## PROMPT
Check every line below, and copy those that include "linked".

Items from a dataset:
--- START ---
lemma mult_half_quat_cancel: "p * Quat (1/2) 0 0 0 = q * Quat (1/2) 0 0 0 \<longleftrightarrow> p = q"
  by (cases p; cases q) (simp add: times_quat_def)

lemma quat_of_coords_inject: "quat_of_coords x = quat_of_coords y \<longleftrightarrow> x = y"
  by (cases x; cases y) simp

lemma quat_of_coords_times_double:
  "coords_times x y = coords_double z \<Longrightarrow> quat_of_coords x * quat_of_coords y = quat_of_coords z"
  by (simp add: quat_of_coords_times quat_of_coords_double)

lemma quat_of_coords_commute_iff:
  "quat_of_coords x * quat_of_coords y = quat_of_coords y * quat_of_coords x \<longleftrightarrow>
   coords_times x y = coords_times y x"
  by (simp add: quat_of_coords_times mult_half_quat_cancel quat_of_coords_inject)

lemma quat_of_coords_one: "quat_of_coords (2, 0, 0, 0) = 1"
  by (simp add: one_quat_def)

lemma Tstar_eq_coords: "Tstar = quat_of_coords ` set Tstar_coords"
proof -
  have "{Quat (a/2) (b/2) (c/2) (d/2) | a b c d.
          a \<in> {1,-1} \<and> b \<in> {1,-1} \<and> c \<in> {1,-1} \<and> d \<in> {1,-1}} =
        {x. \<exists>a\<in>{1,-1::real}. \<exists>b\<in>{1,-1::real}. \<exists>c\<in>{1,-1::real}. \<exists>d\<in>{1,-1::real}.
          x = Quat (a/2) (b/2) (c/2) (d/2)}"
    by blast
  then show ?thesis
    unfolding Tstar_def Tstar_coords_def one_quat_def uminus_quat_def qi_def qj_def qk_def
    by (intro set_eqI) (simp; blast)
qed

lemma base_labels_eq_coords: "base_labels = quat_of_coords ` set base_coords"
proof -
  have "{Quat (1/2) (b/2) (c/2) (d/2) | b c d. b \<in> {1,-1} \<and> c \<in> {1,-1} \<and> d \<in> {1,-1}} =
        {x. \<exists>b\<in>{1,-1::real}. \<exists>c\<in>{1,-1::real}. \<exists>d\<in>{1,-1::real}.
          x = Quat (1/2) (b/2) (c/2) (d/2)}"
    by blast
  then show ?thesis
    unfolding base_labels_def base_coords_def uminus_quat_def qi_def qj_def qk_def
    by (intro set_eqI) (simp; blast)
qed

lemma Tstar_coords_times_closed:
  "\<forall>x\<in>set Tstar_coords. \<forall>y\<in>set Tstar_coords. \<exists>z\<in>set Tstar_coords.
     coords_times x y = coords_double z"
  unfolding Tstar_coords_def by code_simp

lemma Tstar_coords_left_inverse:
  "\<forall>x\<in>set Tstar_coords. \<exists>y\<in>set Tstar_coords. coords_times y x = coords_double (2, 0, 0, 0)"
  unfolding Tstar_coords_def by code_simp

lemma base_coords_subset: "set base_coords \<subseteq> set Tstar_coords"
  unfolding Tstar_coords_def base_coords_def by code_simp

lemma base_coords_centralizer:
  "\<forall>x\<in>set base_coords. \<forall>y\<in>set Tstar_coords.
     coords_times x y = coords_times y x \<longrightarrow> (\<exists>n\<in>set [0..<6]. y = coords_power x n)"
  unfolding Tstar_coords_def base_coords_def by code_simp

lemma one_in_Tstar: "1 \<in> Tstar"
  unfolding Tstar_eq_coords quat_of_coords_one[symmetric] by (simp add: Tstar_coords_def)

lemma Tstar_mult_closed: "g \<in> Tstar \<Longrightarrow> h \<in> Tstar \<Longrightarrow> g * h \<in> Tstar"
  unfolding Tstar_eq_coords using Tstar_coords_times_closed quat_of_coords_times_double by blast

lemma power_in_Tstar: "g \<in> Tstar \<Longrightarrow> g ^ n \<in> Tstar"
  by (induction n) (simp_all add: one_in_Tstar Tstar_mult_closed)

lemma quat_norm_sq_Tstar: "g \<in> Tstar \<Longrightarrow> quat_norm_sq g = 1"
  by (auto simp: Tstar_def quat_norm_sq_def one_quat_def uminus_quat_def qi_def qj_def qk_def
      power2_eq_square)

lemma inverse_in_Tstar:
  assumes "g \<in> Tstar"
  shows "inverse g \<in> Tstar"
proof -
  obtain h where "h \<in> Tstar" and left_inverse: "h * g = 1"
    using assms Tstar_coords_left_inverse quat_of_coords_times_double quat_of_coords_one
    unfolding Tstar_eq_coords by (metis imageE image_eqI)
  have "inverse g = (h * g) * inverse g"
    by (simp add: left_inverse)
  also have "\<dots> = h"
    by (simp add: mult.assoc mult_inverse_quat quat_norm_sq_Tstar assms)
  finally show ?thesis
    using \<open>h \<in> Tstar\<close> by simp
qed

lemma power_int_in_Tstar: "g \<in> Tstar \<Longrightarrow> g powi n \<in> Tstar"
  by (simp add: power_int_def power_in_Tstar inverse_in_Tstar)

lemma coords_power_Tstar_coords:
  assumes "x \<in> set Tstar_coords"
  shows "coords_power x n \<in> set Tstar_coords \<and>
         quat_of_coords (coords_power x n) = quat_of_coords x ^ n"
proof (induction n)
  case 0
  then show ?case
    by (simp add: quat_of_coords_one del: quat_of_coords.simps) (simp add: Tstar_coords_def)
next
  case (Suc n)
  then obtain z where "z \<in> set Tstar_coords"
    and z: "coords_times x (coords_power x n) = coords_double z"
    using assms Tstar_coords_times_closed by blast
  moreover have "coords_halve (coords_double z) = z"
    by (cases z) simp
  ultimately show ?case
    using Suc quat_of_coords_times_double[OF z] by simp
qed

lemma Tstar_centralizer_base_label:
  assumes "x \<in> base_labels" and "q \<in> Tstar" and "x * q = q * x"
  shows "\<exists>n::int. q = x powi n"
proof -
  obtain u where u: "u \<in> set base_coords" "x = quat_of_coords u"
    using assms(1) unfolding base_labels_eq_coords by blast
  obtain v where v: "v \<in> set Tstar_coords" "q = quat_of_coords v"
    using assms(2) unfolding Tstar_eq_coords by blast
  have "coords_times u v = coords_times v u"
    using assms(3) u(2) v(2) quat_of_coords_commute_iff by simp
  then obtain n where "v = coords_power u n"
    using base_coords_centralizer u(1) v(1) by blast
  then have "q = x ^ n"
    using coords_power_Tstar_coords[of u n] base_coords_subset u v by blast
  then have "q = x powi int n"
    by simp
  then show ?thesis ..
qed

definition crossing_factor :: "('c \<Rightarrow> 'a) \<Rightarrow> ('c \<Rightarrow> int) \<Rightarrow> ('a \<Rightarrow> quat) \<Rightarrow> 'c \<Rightarrow> quat" where
  "crossing_factor ov sg chi c = (if chi (ov c) = -1 then 1 else chi (ov c) powi sg c)"

lemma qprod_Cons_crossing_factor:
  "qprod ov sg chi (c # cs) = qprod ov sg chi cs * crossing_factor ov sg chi c"
  by (simp add: crossing_factor_def)

declare qprod.simps(2) [simp del]

lemma crossing_data:
  assumes "diagram A C ov ui uo sg" and "Tstar_coloring A C ov ui uo sg chi" and "c \<in> C"
  shows "chi (ov c) \<in> Tstar" and "sg c \<in> {1, -1}"
    and "chi (uo c) = chi (ov c) powi sg c * chi (ui c) * chi (ov c) powi (- sg c)"
  using assms unfolding diagram_def Tstar_coloring_def by blast+

lemma crossing_factor_in_Tstar:
  assumes "diagram A C ov ui uo sg" and "Tstar_coloring A C ov ui uo sg chi" and "c \<in> C"
  shows "crossing_factor ov sg chi c \<in> Tstar"
  using crossing_data[OF assms] by (simp add: crossing_factor_def one_in_Tstar power_int_in_Tstar)

lemma crossing_factor_intertwines:
  assumes "diagram A C ov ui uo sg" and "Tstar_coloring A C ov ui uo sg chi" and "c \<in> C"
  shows "chi (uo c) * crossing_factor ov sg chi c = crossing_factor ov sg chi c * chi (ui c)"
proof (cases "chi (ov c) = -1")
  case True
  have "sg c \<in> {1, -1}" and "- sg c \<in> {1, -1}"
    using crossing_data(2)[OF assms] by auto
  with True crossing_data(3)[OF assms] have "chi (uo c) = (-1) * chi (ui c) * (-1)"
    by (simp add: power_int_minus_one_quat)
  then have "chi (uo c) = chi (ui c)"
    by (simp add: minus_one_mult_quat mult_minus_one_quat minus_minus_quat)
  with True show ?thesis
    by (simp add: crossing_factor_def)
next
  case False
  define g where "g = chi (ov c) powi sg c"
  have "chi (ov c) powi (- sg c) * g = 1"
    using crossing_data(1,2)[OF assms] power_int_neg_mult_quat quat_norm_sq_Tstar g_def by simp
  then have "chi (uo c) * g = g * chi (ui c)"
    using crossing_data(3)[OF assms] by (simp add: g_def mult.assoc)
  with False show ?thesis
    by (simp add: crossing_factor_def g_def)
qed

lemma qprod_in_Tstar:
  assumes "diagram A C ov ui uo sg" and "Tstar_coloring A C ov ui uo sg chi" and "set cs \<subseteq> C"
  shows "qprod ov sg chi cs \<in> Tstar"
  using assms(3)
proof (induction cs)
  case Nil
  then show ?case by (simp add: one_in_Tstar)
next
  case (Cons c cs)
  then show ?case
    by (simp add: qprod_Cons_crossing_factor Tstar_mult_closed crossing_factor_in_Tstar[OF assms(1,2)])
qed

lemma qprod_intertwines:
  assumes "diagram A C ov ui uo sg" and "Tstar_coloring A C ov ui uo sg chi"
    and "set cs \<subseteq> C" and "cs \<noteq> []"
    and "\<forall>t. Suc t < length cs \<longrightarrow> ui (cs ! Suc t) = uo (cs ! t)"
  shows "chi (uo (last cs)) * qprod ov sg chi cs = qprod ov sg chi cs * chi (ui (hd cs))"
  using assms(4,3,5)
proof (induction cs rule: list_nonempty_induct)
  case (single c)
  then show ?case
    using crossing_factor_intertwines[OF assms(1,2)] by (simp add: qprod_Cons_crossing_factor)
next
  case (cons c cs)
  let ?q = "qprod ov sg chi cs" and ?h = "crossing_factor ov sg chi c"
  have linked: "\<forall>t. Suc t < length cs \<longrightarrow> ui (cs ! Suc t) = uo (cs ! t)"
    using cons.prems(2) by auto
  have "ui (hd cs) = uo c"
    using cons.prems(2) cons.hyps by (auto simp: hd_conv_nth)
  then have IH: "chi (uo (last cs)) * ?q = ?q * chi (uo c)"
    using cons.IH cons.prems(1) linked by simp
  have "chi (uo (last (c # cs))) * qprod ov sg chi (c # cs) = chi (uo (last cs)) * ?q * ?h"
    using cons.hyps by (simp add: qprod_Cons_crossing_factor mult.assoc)
  also have "\<dots> = ?q * (chi (uo c) * ?h)"
    by (simp add: IH mult.assoc)
  also have "\<dots> = ?q * ?h * chi (ui c)"
    using crossing_factor_intertwines[OF assms(1,2)] cons.prems(1) by (simp add: mult.assoc)
  finally show ?case
    by (simp add: qprod_Cons_crossing_factor)
qed

theorem mainTheorem2:
  fixes A :: "'a set" and C :: "'c set"
    and ov ui uo :: "'c \<Rightarrow> 'a" and sg :: "'c \<Rightarrow> int" and chi :: "'a \<Rightarrow> quat"
    and a0 :: 'a and cs :: "'c list"
  assumes "diagram A C ov ui uo sg"
    and "Tstar_coloring A C ov ui uo sg chi"
    and "a0 \<in> A"
    and "component_traversal C ui uo a0 cs"
    and "chi a0 \<in> base_labels"
  shows "\<exists>n::int. qprod ov sg chi cs = chi a0 powi n"
proof (cases "cs = []")
  case True
  then have "qprod ov sg chi cs = chi a0 powi 0" by simp
  then show ?thesis ..
next
  case False
  with assms(4) have traversal: "set cs \<subseteq> C" "ui (hd cs) = a0" "uo (last cs) = a0"
    "\<forall>t. Suc t < length cs \<longrightarrow> ui (cs ! Suc t) = uo (cs ! t)"
    by (simp_all add: component_traversal_def)
  have "chi a0 * qprod ov sg chi cs = qprod ov sg chi cs * chi a0"
    using qprod_intertwines[OF assms(1,2) traversal(1) False traversal(4)] traversal(2,3) by simp
  moreover have "qprod ov sg chi cs \<in> Tstar"
    using qprod_in_Tstar[OF assms(1,2) traversal(1)] .
  ultimately show ?thesis
    using Tstar_centralizer_base_label[OF assms(5)] by blast
qed

end
(* Let $\theta\in\mathbb{R}/\mathbb{Z}$, $\theta\neq0$, and let $\mathbb{L}_{\mathcal{R}(\theta)}$ be the prime renormalization of the rotation $\mathbb{L}_\theta$. Then \[ \mathcal{R}(\theta)=\begin{cases}\dfrac{\theta}{1-\theta}&\text{if }0\le\theta\le\frac12,\\[1ex] \dfrac{2\theta-1}{\theta}&\text{if }\frac12\le\theta\le1.\end{cases} \] Moreover, writing $\theta=[0;a_1,a_2,\dots]=1-[0;b_1,b_2,\dots]$ with all $a_i,b_i$ positive integers, we have \[ \mathcal{R}([0;a_1,a_2,\dots])=\begin{cases}[0;a_1-1,a_2,\dots]&\text{if }a_1>1,\\ 1-[0;a_2,a_3,\dots]&\text{if }a_1=1,\end{cases} \] and \[ \mathcal{R}(1-[0;b_1,b_2,\dots])=\begin{cases}1-[0;b_1-1,b_2,\dots]&\text{if }b_1>1,\\ [0;b_2,b_3,\dots]&\text{if }b_1=1.\end{cases} \]
   Context: For $\theta\in\mathbb{R}/\mathbb{Z}$ let $\mathbb{L}_\theta:\overline{\mathbb{D}}\to\overline{\mathbb{D}}$, $z\mapsto e^{2\pi i\theta}z$, be the rotation of the closed unit disk. Assume $\theta\neq0$ and let $\mathbb{I}$ be a closed internal ray of $\overline{\mathbb{D}}$. A fundamental sector $\mathbb{Y}$ of $\mathbb{L}_\theta$ is the smallest closed sector of $\overline{\mathbb{D}}$ bounded by $\mathbb{I}$ and $\mathbb{L}_\theta(\mathbb{I})$ (if $\theta=1/2$ either sector may be taken); its angle $\omega$ at the vertex $0$ (measured in full turns) is $\theta$ if $\theta\in[0,1/2]$ and $1-\theta$ otherwise. Rotate so that $1\in\overline{\mathbb{D}}\setminus\mathbb{Y}$. Set $\mathbb{Y}_-=\mathbb{L}_\theta^{-1}(\mathbb{Y})$ and $\mathbb{Y}_+=\overline{\mathbb{D}\setminus(\mathbb{Y}\cup\mathbb{Y}_-)}$. Then $(\mathbb{L}_\theta|_{\mathbb{Y}_+},\mathbb{L}^2_\theta|_{\mathbb{Y}_-})$ is the first return map of $\mathbb{Y}_-\cup\mathbb{Y}_+$ to itself. The prime renormalization of $\mathbb{L}_\theta$ is the rotation $\mathbb{L}_{\mathcal{R}(\theta)}$ of $\overline{\mathbb{D}}$ obtained from this pair by the gluing map $\psi:\mathbb{Y}_-\cup\mathbb{Y}_+\to\overline{\mathbb{D}}$, $z\mapsto z^{1/(1-\omega)}$ (argument measured from a boundary ray of the sector $\mathbb{Y}_-\cup\mathbb{Y}_+$), which identifies the two boundary rays of this sector. *)

theory Defs
  imports "HOL-Analysis.Analysis"
begin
--- END ---
## ANSWER SECTION
  have linked: "\<forall>t. Suc t < length cs \<longrightarrow> ui (cs ! Suc t) = uo (cs ! t)"
    using cons.IH cons.prems(1) linked by simp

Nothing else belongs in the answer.